В назначенный день он положил на стол Старцеву свою справку и отзывы экспертов. Дядя Вася все внимательно прочитал и, взглянув на оперработника исподлобья, процедил: «Вы свободны». Конечно, у него тогда были неприятности, в том числе со Старой площадью. Но мы не предполагали, что он, в свою очередь, отыграется на оперработнике: очередное воинское звание тому было присвоено значи-телыю позже положенного срока, потому что на представлении не хватало визы начальника отдела. Конечно же, в данном, конкретном случае дядя Вася был не прав. Его грубая ошибка была очевидна. Это был срыв. Но что поделаешь?! Говорят, что не ошибается лишь тот, кто ничего не делает.
ЗА ЧТО КРЮЧКОВ НЕВЗЛЮБИЛ ДЯДЮ ВАСЮ
— Может быть, такие «ошибки и срывы» как раз и послужили причиной его увольнения из разведки?

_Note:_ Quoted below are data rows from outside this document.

definition nilpotent_group :: "('a, 'b) monoid_scheme \<Rightarrow> bool" where
  "nilpotent_group G \<longleftrightarrow> group G \<and> (\<exists>k. lower_central G k = {\<one>\<^bsub>G\<^esub>})"

definition finitely_generated_group :: "('a, 'b) monoid_scheme \<Rightarrow> bool" where
  "finitely_generated_group G \<longleftrightarrow>
     (\<exists>S. finite S \<and> S \<subseteq> carrier G \<and> generate G S = carrier G)"

definition torsion_free :: "('a, 'b) monoid_scheme \<Rightarrow> bool" where
  "torsion_free G \<longleftrightarrow>
     (\<forall>x \<in> carrier G. \<forall>n::nat. n > 0 \<longrightarrow> x [^]\<^bsub>G\<^esub> n = \<one>\<^bsub>G\<^esub> \<longrightarrow> x = \<one>\<^bsub>G\<^esub>)"

definition uniquely_divisible :: "('a, 'b) monoid_scheme \<Rightarrow> bool" where
  "uniquely_divisible G \<longleftrightarrow>
     (\<forall>x \<in> carrier G. \<forall>n::nat. n > 0 \<longrightarrow> (\<exists>!y. y \<in> carrier G \<and> y [^]\<^bsub>G\<^esub> n = x))"

definition rational_closure_of :: "('a, 'b) monoid_scheme \<Rightarrow> 'a set \<Rightarrow> bool" where
  "rational_closure_of Gb G \<longleftrightarrow>
     group Gb \<and> nilpotent_group Gb \<and> torsion_free Gb \<and> uniquely_divisible Gb \<and>
     subgroup G Gb \<and>
     (\<forall>x \<in> carrier Gb. \<exists>n::nat. n > 0 \<and> x [^]\<^bsub>Gb\<^esub> n \<in> G)"

definition rat_closure_set :: "('a, 'b) monoid_scheme \<Rightarrow> 'a set \<Rightarrow> 'a set" where
  "rat_closure_set Gb H = {x \<in> carrier Gb. \<exists>n::nat. n > 0 \<and> x [^]\<^bsub>Gb\<^esub> n \<in> H}"

definition rational_subgroup :: "'a set \<Rightarrow> ('a, 'b) monoid_scheme \<Rightarrow> bool" where
  "rational_subgroup R G \<longleftrightarrow> subgroup R G \<and>
     (\<forall>x \<in> carrier G. \<forall>n::nat. n > 0 \<longrightarrow> x [^]\<^bsub>G\<^esub> n \<in> R \<longrightarrow> x \<in> R)"

definition internal_direct_product :: "('a, 'b) monoid_scheme \<Rightarrow> 'a set \<Rightarrow> 'a set \<Rightarrow> bool" where
  "internal_direct_product H A B \<longleftrightarrow>
     A \<lhd> H \<and> B \<lhd> H \<and> A \<inter> B = {\<one>\<^bsub>H\<^esub>} \<and> A <#>\<^bsub>H\<^esub> B = carrier H"

end

theory Submission
  imports Defs
begin

text \<open>
  In a uniquely divisible group, \<open>x\<^sup>n\<close> commuting with \<open>s\<close> forces \<open>x\<close> to commute with \<open>s\<close>
  (the conjugate \<open>s x s\<inverse>\<close> is an \<open>n\<close>-th root of \<open>x\<^sup>n\<close>), so centralizers are rational subgroups.
  Hence the centre of \<open>G\<close> lies in the centre of its rational closure \<open>Gb\<close>, and every element
  of the rational closure of \<open>G\<^sub>1\<close> centralizes \<open>G\<^sub>2\<close>. Now if \<open>g = g\<^sub>1 g\<^sub>2 \<in> G\<close> also equals \<open>a z\<close> with \<open>a\<close> in the
  rational closure of \<open>G\<^sub>1\<close> and \<open>z\<close> central, then \<open>g\<^sub>2 = g\<^sub>1\<inverse> a z\<close> centralizes \<open>G\<^sub>2\<close>, and it
  centralizes \<open>G\<^sub>1\<close> by the direct decomposition; thus \<open>g\<^sub>2 \<in> Z(G)\<close> and \<open>g \<in> G\<^sub>1 Z(G)\<close>.
\<close>

definition centralizer :: "('a, 'b) monoid_scheme \<Rightarrow> 'a set \<Rightarrow> 'a set" where
  "centralizer G S = {x \<in> carrier G. \<forall>s \<in> S. x \<otimes>\<^bsub>G\<^esub> s = s \<otimes>\<^bsub>G\<^esub> x}"

lemma (in group) inv_commute:
  assumes xy: "x \<otimes> y = y \<otimes> x" and x: "x \<in> carrier G" and y: "y \<in> carrier G"
  shows "inv x \<otimes> y = y \<otimes> inv x"
proof -
  have "inv x \<otimes> y = inv x \<otimes> (y \<otimes> x) \<otimes> inv x" using x y by (simp add: m_assoc)
  also have "\<dots> = inv x \<otimes> (x \<otimes> y) \<otimes> inv x" by (simp only: xy)
  also have "\<dots> = y \<otimes> inv x" using x y by (simp add: m_assoc[symmetric])
  finally show ?thesis .
qed

lemma (in group) subgroup_centralizer:
  assumes "S \<subseteq> carrier G"
  shows "subgroup (centralizer G S) G"
proof (rule subgroupI)
  fix x y assume x: "x \<in> centralizer G S" and y: "y \<in> centralizer G S"
  show "inv x \<in> centralizer G S"
    using x assms unfolding centralizer_def by (auto simp: subset_iff intro!: inv_commute)
  have "x \<otimes> y \<otimes> s = s \<otimes> (x \<otimes> y)" if s: "s \<in> S" for s
  proof -
    have c: "x \<in> carrier G" "y \<in> carrier G" "s \<in> carrier G"
      and xs: "x \<otimes> s = s \<otimes> x" and ys: "y \<otimes> s = s \<otimes> y"
      using x y s assms unfolding centralizer_def by auto
    have "x \<otimes> y \<otimes> s = x \<otimes> s \<otimes> y" using c by (simp add: m_assoc ys)
    also have "\<dots> = s \<otimes> (x \<otimes> y)" using c by (simp add: xs m_assoc)
    finally show ?thesis .
  qed
  then show "x \<otimes> y \<in> centralizer G S"
    using x y unfolding centralizer_def by auto
qed (use assms in \<open>auto simp: centralizer_def subset_iff intro!: exI[of _ \<one>]\<close>)

lemma (in group) conjugation_hom:
  "y \<in> carrier G \<Longrightarrow> (\<lambda>x. y \<otimes> x \<otimes> inv y) \<in> hom G G"
  by (rule homI) (simp_all add: m_assoc, simp add: m_assoc[symmetric])

lemma (in group) uniquely_divisible_root_unique:
  assumes "uniquely_divisible G" "x \<in> carrier G" "y \<in> carrier G" "n > 0"
    and "x [^] n = y [^] (n::nat)"
  shows "x = y"
proof -
  have "\<exists>!w. w \<in> carrier G \<and> w [^] n = y [^] n"
    using assms unfolding uniquely_divisible_def by simp
  then show ?thesis using assms by blast
qed

lemma (in group) rational_subgroup_centralizer:
  assumes ud: "uniquely_divisible G" and S: "S \<subseteq> carrier G"
  shows "rational_subgroup (centralizer G S) G"
  unfolding rational_subgroup_def
proof (intro conjI ballI allI impI)
  show "subgroup (centralizer G S) G" using S by (rule subgroup_centralizer)
  fix x and n :: nat
  assume x: "x \<in> carrier G" and n: "n > 0" and xn: "x [^] n \<in> centralizer G S"
  have "x \<otimes> s = s \<otimes> x" if s: "s \<in> S" for s
  proof -
    have sc: "s \<in> carrier G" using s S by blast
    have "(s \<otimes> x \<otimes> inv s) [^] n = s \<otimes> x [^] n \<otimes> inv s"
      using hom_nat_pow[OF conjugation_hom[OF sc] x is_group is_group] by simp
    also have "\<dots> = x [^] n \<otimes> s \<otimes> inv s"
      using xn s unfolding centralizer_def by simp
    also have "\<dots> = x [^] n"
      using x sc by (simp add: m_assoc)
    finally have "s \<otimes> x \<otimes> inv s = x"
      by (rule uniquely_divisible_root_unique[OF ud _ x n, rotated]) (use x sc in simp)
    then show ?thesis using x sc by (simp add: inv_solve_right')
  qed
  then show "x \<in> centralizer G S" using x unfolding centralizer_def by blast
qed

lemma rat_closure_set_subset:
  "rational_subgroup R G \<Longrightarrow> H \<subseteq> R \<Longrightarrow> rat_closure_set G H \<subseteq> R"
  unfolding rational_subgroup_def rat_closure_set_def by blast

lemma (in group) centralizer_set_mult:
  assumes x: "x \<in> centralizer G A" "x \<in> centralizer G B"
    and A: "A \<subseteq> carrier G" and B: "B \<subseteq> carrier G"
  shows "x \<in> centralizer G (A <#> B)"
proof -
  have "x \<otimes> (a \<otimes> b) = a \<otimes> b \<otimes> x" if a: "a \<in> A" and b: "b \<in> B" for a b
  proof -
    have c: "x \<in> carrier G" "a \<in> carrier G" "b \<in> carrier G"
      and xa: "x \<otimes> a = a \<otimes> x" and xb: "x \<otimes> b = b \<otimes> x"
      using x a b A B unfolding centralizer_def by auto
    have "x \<otimes> (a \<otimes> b) = a \<otimes> x \<otimes> b" using c by (simp add: m_assoc[symmetric] xa)
    also have "\<dots> = a \<otimes> b \<otimes> x" using c by (simp add: m_assoc xb)
    finally show ?thesis .
  qed
  then show ?thesis using x unfolding centralizer_def set_mult_def by auto
qed

lemma center_subgroup_eq:
  "center (G\<lparr>carrier := H\<rparr>) = H \<inter> centralizer G H" if "H \<subseteq> carrier G"
  using that unfolding center_def centralizer_def by auto

lemma (in group) center_subgroup_subset_center:
  assumes ud: "uniquely_divisible G" and H: "subgroup H G"
    and roots: "carrier G \<subseteq> rat_closure_set G H"
  shows "center (G\<lparr>carrier := H\<rparr>) \<subseteq> center G"
proof
  fix z assume z: "z \<in> center (G\<lparr>carrier := H\<rparr>)"
  have H_carr: "H \<subseteq> carrier G" using H by (rule subgroup.subset)
  have zc: "z \<in> carrier G" and "H \<subseteq> centralizer G {z}"
    using z H_carr unfolding center_def centralizer_def by auto
  then have "carrier G \<subseteq> centralizer G {z}"
    using roots rat_closure_set_subset[OF rational_subgroup_centralizer[OF ud]] by blast
  then have commutes: "g \<otimes> z = z \<otimes> g" if "g \<in> carrier G" for g
    using that unfolding centralizer_def by blast
  show "z \<in> center G"
    unfolding center_def using zc commutes[THEN sym] by blast
qed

— Нет. Однозначно нет, — утверждает генерал-майор запаса А. — Его «ушли» потому, что взгляды на принципы подбора и выдвижения кадров у Старцева, ставшего заместителем начальника разведки по кадрам, и у Крючкова, тогдашнего шефа разведки, оказались взаимоисключающими.
Старцев старался как мог оградить разведку от случайных людей. Брал лишь тех, кто по своим личным, моральным и деловым качествам, по интеллекту отвечал жестким требованиям нашей работы. За пятнадцать лет, в течение которых он возглавлял 7-й отдел, не было ни одного случая предательства. А ведь этот отдел охватывал полмира, от Японии до Пакистана, включая Индию, Индонезию и еще добрый десяток государств Южной и Юго-Восточной Азии.
Крючков же придерживался иных принципов. Личные и деловые качества, профпригодность — все это постепенно отодвигалось на второй план, а на первый выходил принцип личной преданности. В сугубо специальную организацию, каковой является разведка, потянулись «позвоночники», представители партноменклатуры, их дети, племянники, да и просто друзья. Результаты такой кадровой политики не заставили себя долго ждать. Сошлюсь на общеизвестный факт.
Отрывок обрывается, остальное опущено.